GOAL OF THE EXERCISE> Your task is to repeat exactly the lines below between the line holding "theory Defs" and the line holding "map (\<lambda>i. if", inclusive, and only those.

INPUT RECORDS>
(* Let $(W,S)$ be a Coxeter group with Coxeter matrix $(m_{s,s'})$, let $w\in W$, let $(s,t)\in\mathfrak{M}$, and let $\vec a,\vec b$ be reduced expressions for $w$ such that $\vec b$ is obtained from $\vec a$ by an $(s,t)$-braid move. Let $q\in W$ be such that $\operatorname{Invs}\vec b$ is obtained from $\operatorname{Invs}\vec a$ by replacing a particular factor of the form $q\rho_{s,t}q^{-1}$ by its reversal (such $q$ exists). Set $s'=qsq^{-1}$ and $t'=qtq^{-1}$ (so $(s',t'),(t',s')\in\mathfrak{N}$). Then $$\operatorname{Has}\vec b=\operatorname{Has}\vec a-(s',t')+(t',s')\quad\text{in }\mathbb{Z}[\mathfrak{N}].$$
   Context: $(W,S)$ is a Coxeter group (generators $S$, relations $(st)^{m_{s,t}}=1$ for $m_{s,t}<\infty$, $m_{s,s}=1$, $m_{s,t}=m_{t,s}\ge2$ for $s\ne t$). $T=\bigcup_{x\in W}xSx^{-1}$. For distinct $u,v\in T$, $m_{u,v}$ is the order of $uv$ and, if finite, $\rho_{u,v}=((uv)^0u,(uv)^1u,\ldots,(uv)^{m_{u,v}-1}u)$; $q\rho q^{-1}$ means conjugating each entry by $q$. $\mathfrak{M}=\{(s,t)\in S\times S: s\ne t,\ m_{s,t}<\infty\}$ and $\mathfrak{N}=\bigcup_{x\in W}x\mathfrak{M}x^{-1}\subseteq T\times T$ (conjugating both entries). Reduced expression: tuple $(a_1,\ldots,a_k)\in S^k$ with $w=a_1\cdots a_k$, $k$ minimal. An $(s,t)$-braid move replaces a contiguous factor $(s,t,s,\ldots)$ of length $m_{s,t}$ by $(t,s,t,\ldots)$ of length $m_{s,t}$. $\operatorname{Invs}(a_1,\ldots,a_k)=(t_1,\ldots,t_k)$, $t_i=(a_1\cdots a_{i-1})a_i(a_1\cdots a_{i-1})^{-1}$. For $(u,v)\in\mathfrak{N}$ and a reduced expression $\vec a$, $\operatorname{has}_{u,v}\vec a=1$ if $\rho_{u,v}$ appears as a (not necessarily contiguous) subword of $\operatorname{Invs}\vec a$, and $0$ otherwise. $\mathbb{Z}[\mathfrak{N}]$ is the free $\mathbb{Z}$-module with basis $\mathfrak{N}$ and $\operatorname{Has}\vec a=\sum_{(u,v)\in\mathfrak{N}}\operatorname{has}_{u,v}\vec a\cdot(u,v)$. *)

theory Defs
  imports "HOL-Algebra.Multiplicative_Group" "HOL-Algebra.Generated_Groups"
    "HOL-Library.Sublist" "HOL-Library.Extended_Nat"
begin

definition wprod :: "('g, 'b) monoid_scheme \<Rightarrow> 'g list \<Rightarrow> 'g" where
  "wprod G xs = foldr (\<lambda>x y. x \<otimes>\<^bsub>G\<^esub> y) xs \<one>\<^bsub>G\<^esub>"

definition alt :: "'g \<Rightarrow> 'g \<Rightarrow> nat \<Rightarrow> 'g list" where
  "alt s t k = map (\<lambda>i. if even i then s else t) [0..<k]"

inductive cox_rel :: "'g set \<Rightarrow> ('g \<Rightarrow> 'g \<Rightarrow> enat) \<Rightarrow> 'g list \<Rightarrow> 'g list \<Rightarrow> bool"
  for S m where
  refl: "x \<in> lists S \<Longrightarrow> cox_rel S m x x"
| sym: "cox_rel S m x y \<Longrightarrow> cox_rel S m y x"
| trans: "cox_rel S m x y \<Longrightarrow> cox_rel S m y z \<Longrightarrow> cox_rel S m x z"
| square: "u \<in> lists S \<Longrightarrow> v \<in> lists S \<Longrightarrow> s \<in> S \<Longrightarrow>
     cox_rel S m (u @ [s, s] @ v) (u @ v)"
| braid: "u \<in> lists S \<Longrightarrow> v \<in> lists S \<Longrightarrow> s \<in> S \<Longrightarrow> t \<in> S \<Longrightarrow> s \<noteq> t \<Longrightarrow>
     m s t = enat k \<Longrightarrow> cox_rel S m (u @ alt s t (2 * k) @ v) (u @ v)"

(* (G,S) is a Coxeter system with Coxeter matrix m: G is the group presented by
   generators S and relations (s t)^{m s t} = 1 *)
definition coxeter_system ::
  "('g, 'b) monoid_scheme \<Rightarrow> 'g set \<Rightarrow> ('g \<Rightarrow> 'g \<Rightarrow> enat) \<Rightarrow> bool" where
  "coxeter_system G S m \<longleftrightarrow>
     group G \<and> S \<subseteq> carrier G \<and> generate G S = carrier G \<and>
     (\<forall>s\<in>S. m s s = 1) \<and>
     (\<forall>s\<in>S. \<forall>t\<in>S. m s t = m t s) \<and>
     (\<forall>s\<in>S. \<forall>t\<in>S. s \<noteq> t \<longrightarrow> m s t \<ge> 2) \<and>
     (\<forall>x\<in>lists S. \<forall>y\<in>lists S. wprod G x = wprod G y \<longleftrightarrow> cox_rel S m x y)"

definition reflections :: "('g, 'b) monoid_scheme \<Rightarrow> 'g set \<Rightarrow> 'g set" where
  "reflections G S = {x \<otimes>\<^bsub>G\<^esub> s \<otimes>\<^bsub>G\<^esub> inv\<^bsub>G\<^esub> x | x s. x \<in> carrier G \<and> s \<in> S}"

definition rho :: "('g, 'b) monoid_scheme \<Rightarrow> 'g \<Rightarrow> 'g \<Rightarrow> 'g list" where
  "rho G u v = map (\<lambda>i. (u \<otimes>\<^bsub>G\<^esub> v) [^]\<^bsub>G\<^esub> i \<otimes>\<^bsub>G\<^esub> u) [0..<group.ord G (u \<otimes>\<^bsub>G\<^esub> v)]"

definition conj :: "('g, 'b) monoid_scheme \<Rightarrow> 'g \<Rightarrow> 'g \<Rightarrow> 'g" where
  "conj G q x = q \<otimes>\<^bsub>G\<^esub> x \<otimes>\<^bsub>G\<^esub> inv\<^bsub>G\<^esub> q"

definition frakM :: "'g set \<Rightarrow> ('g \<Rightarrow> 'g \<Rightarrow> enat) \<Rightarrow> ('g \<times> 'g) set" where
  "frakM S m = {(s, t). s \<in> S \<and> t \<in> S \<and> s \<noteq> t \<and> m s t \<noteq> \<infinity>}"

definition frakN ::
  "('g, 'b) monoid_scheme \<Rightarrow> 'g set \<Rightarrow> ('g \<Rightarrow> 'g \<Rightarrow> enat) \<Rightarrow> ('g \<times> 'g) set" where
  "frakN G S m = {(conj G x s, conj G x t) | x s t. x \<in> carrier G \<and> (s, t) \<in> frakM S m}"

definition reduced_expr :: "('g, 'b) monoid_scheme \<Rightarrow> 'g set \<Rightarrow> 'g list \<Rightarrow> 'g \<Rightarrow> bool" where
  "reduced_expr G S a w \<longleftrightarrow> a \<in> lists S \<and> wprod G a = w \<and>
     (\<forall>b\<in>lists S. wprod G b = w \<longrightarrow> length a \<le> length b)"

definition braid_move ::
  "('g \<Rightarrow> 'g \<Rightarrow> enat) \<Rightarrow> 'g \<Rightarrow> 'g \<Rightarrow> 'g list \<Rightarrow> 'g list \<Rightarrow> bool" where
  "braid_move m s t a b \<longleftrightarrow> (\<exists>u v k. m s t = enat k \<and>
     a = u @ alt s t k @ v \<and> b = u @ alt t s k @ v)"

definition invs :: "('g, 'b) monoid_scheme \<Rightarrow> 'g list \<Rightarrow> 'g list" where
  "invs G a = map (\<lambda>i. conj G (wprod G (take i a)) (a ! i)) [0..<length a]"

definition has :: "('g, 'b) monoid_scheme \<Rightarrow> 'g \<Rightarrow> 'g \<Rightarrow> 'g list \<Rightarrow> int" where
  "has G u v a = (if subseq (rho G u v) (invs G a) then 1 else 0)"

(* Has a, as an element of Z[N] represented by its coefficient function
   (supported on N) *)
definition Has ::
  "('g, 'b) monoid_scheme \<Rightarrow> 'g set \<Rightarrow> ('g \<Rightarrow> 'g \<Rightarrow> enat) \<Rightarrow> 'g list \<Rightarrow> ('g \<times> 'g \<Rightarrow> int)" where
  "Has G S m a = (\<lambda>(u, v). if (u, v) \<in> frakN G S m then has G u v a else 0)"

end

theory Submission
  imports Defs
begin

(*
  Reduced expressions have reflection sequences without repetitions: the parity of the number of
  occurrences of a reflection is invariant under the Coxeter relations, and a repeated reflection
  lets one delete two letters.  Let X = rho_{s',t'} be the block that the braid move reverses, and
  let rho_{u,v}, (u, v) in N, occur as a subsequence.  If rho_{u,v} meets X in at most one entry,
  reversing X does not affect it.  If it meets X twice, it meets it in two consecutive entries,
  so u and v lie in the dihedral reflection subgroup W' generated by s' and t'.  A minimal coset
  representative argument then shows that u and v generate W' as well, so rho_{u,v} and X both
  list the reflections of W' (its elements of odd length) and distinctness forces rho_{u,v} = X.
  Hence reversing X removes exactly (s', t') and adds exactly (t', s').
*)

section \<open>Words and sublists\<close>

lemma wprod_Nil [simp]: "wprod G [] = \<one>\<^bsub>G\<^esub>"
  by (simp add: wprod_def)

lemma wprod_Cons [simp]: "wprod G (x # xs) = x \<otimes>\<^bsub>G\<^esub> wprod G xs"
  by (simp add: wprod_def)

lemma invs_Nil [simp]: "invs G [] = []"
  by (simp add: invs_def)

lemma alt_0 [simp]: "alt s t 0 = []"
  by (simp add: alt_def)

lemma length_alt [simp]: "length (alt s t n) = n"
  by (simp add: alt_def)

lemma nth_alt [simp]: "i < n \<Longrightarrow> alt s t n ! i = (if even i then s else t)"
  by (simp add: alt_def)

lemma set_alt_subset: "set (alt s t n) \<subseteq> {s, t}"
  by (auto simp: alt_def)

lemma alt_Suc: "alt s t (Suc n) = s # alt t s n"
  by (rule nth_equalityI) (auto simp: nth_Cons split: nat.splits)

lemma alt_snoc: "alt s t (Suc n) = alt s t n @ [if even n then s else t]"
  by (rule nth_equalityI) (auto simp: nth_append less_Suc_eq)

lemma alt_add_even: "alt s t (2 * k + j) = alt s t (2 * k) @ alt s t j"
  by (rule nth_equalityI) (auto simp: nth_append)

lemma count_list_distinct: "distinct xs \<Longrightarrow> x \<in> set xs \<Longrightarrow> count_list xs x = 1"
  by (induction xs) auto

lemma split_at_two_indices:
  assumes "i < j" "j < length xs"
  shows "xs = take i xs @ xs ! i # take (j - Suc i) (drop (Suc i) xs) @ xs ! j # drop (Suc j) xs"
proof -
  have "drop (Suc i) xs = take (j - Suc i) (drop (Suc i) xs) @ xs ! j # drop (Suc j) xs"
    using assms id_take_nth_drop[of "j - Suc i" "drop (Suc i) xs"] by simp
  then show ?thesis
    using assms id_take_nth_drop[of i xs] by simp
qed

lemma set_subseq_subset: "subseq xs ys \<Longrightarrow> set xs \<subseteq> set ys"
  by (induction rule: list_emb.induct) auto

lemma subseq_distinct: "subseq xs ys \<Longrightarrow> distinct ys \<Longrightarrow> distinct xs"
  by (induction rule: list_emb.induct) (auto dest: set_subseq_subset)

lemma subseq_eq_if_set_subset:
  assumes "subseq xs ys" "distinct ys" "set ys \<subseteq> set xs"
  shows "xs = ys"
proof -
  have "length ys \<le> length xs"
    using assms(2,3) card_mono[of "set xs" "set ys"] card_length[of xs] by (simp add: distinct_card)
  then show ?thesis
    using list_emb_length[OF assms(1)] subseq_same_length[OF assms(1)] by simp
qed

ANSWER TO THE PROBLEM>
theory Defs
  imports "HOL-Algebra.Multiplicative_Group" "HOL-Algebra.Generated_Groups"
    "HOL-Library.Sublist" "HOL-Library.Extended_Nat"
begin

definition wprod :: "('g, 'b) monoid_scheme \<Rightarrow> 'g list \<Rightarrow> 'g" where
  "wprod G xs = foldr (\<lambda>x y. x \<otimes>\<^bsub>G\<^esub> y) xs \<one>\<^bsub>G\<^esub>"

definition alt :: "'g \<Rightarrow> 'g \<Rightarrow> nat \<Rightarrow> 'g list" where
  "alt s t k = map (\<lambda>i. if even i then s else t) [0..<k]"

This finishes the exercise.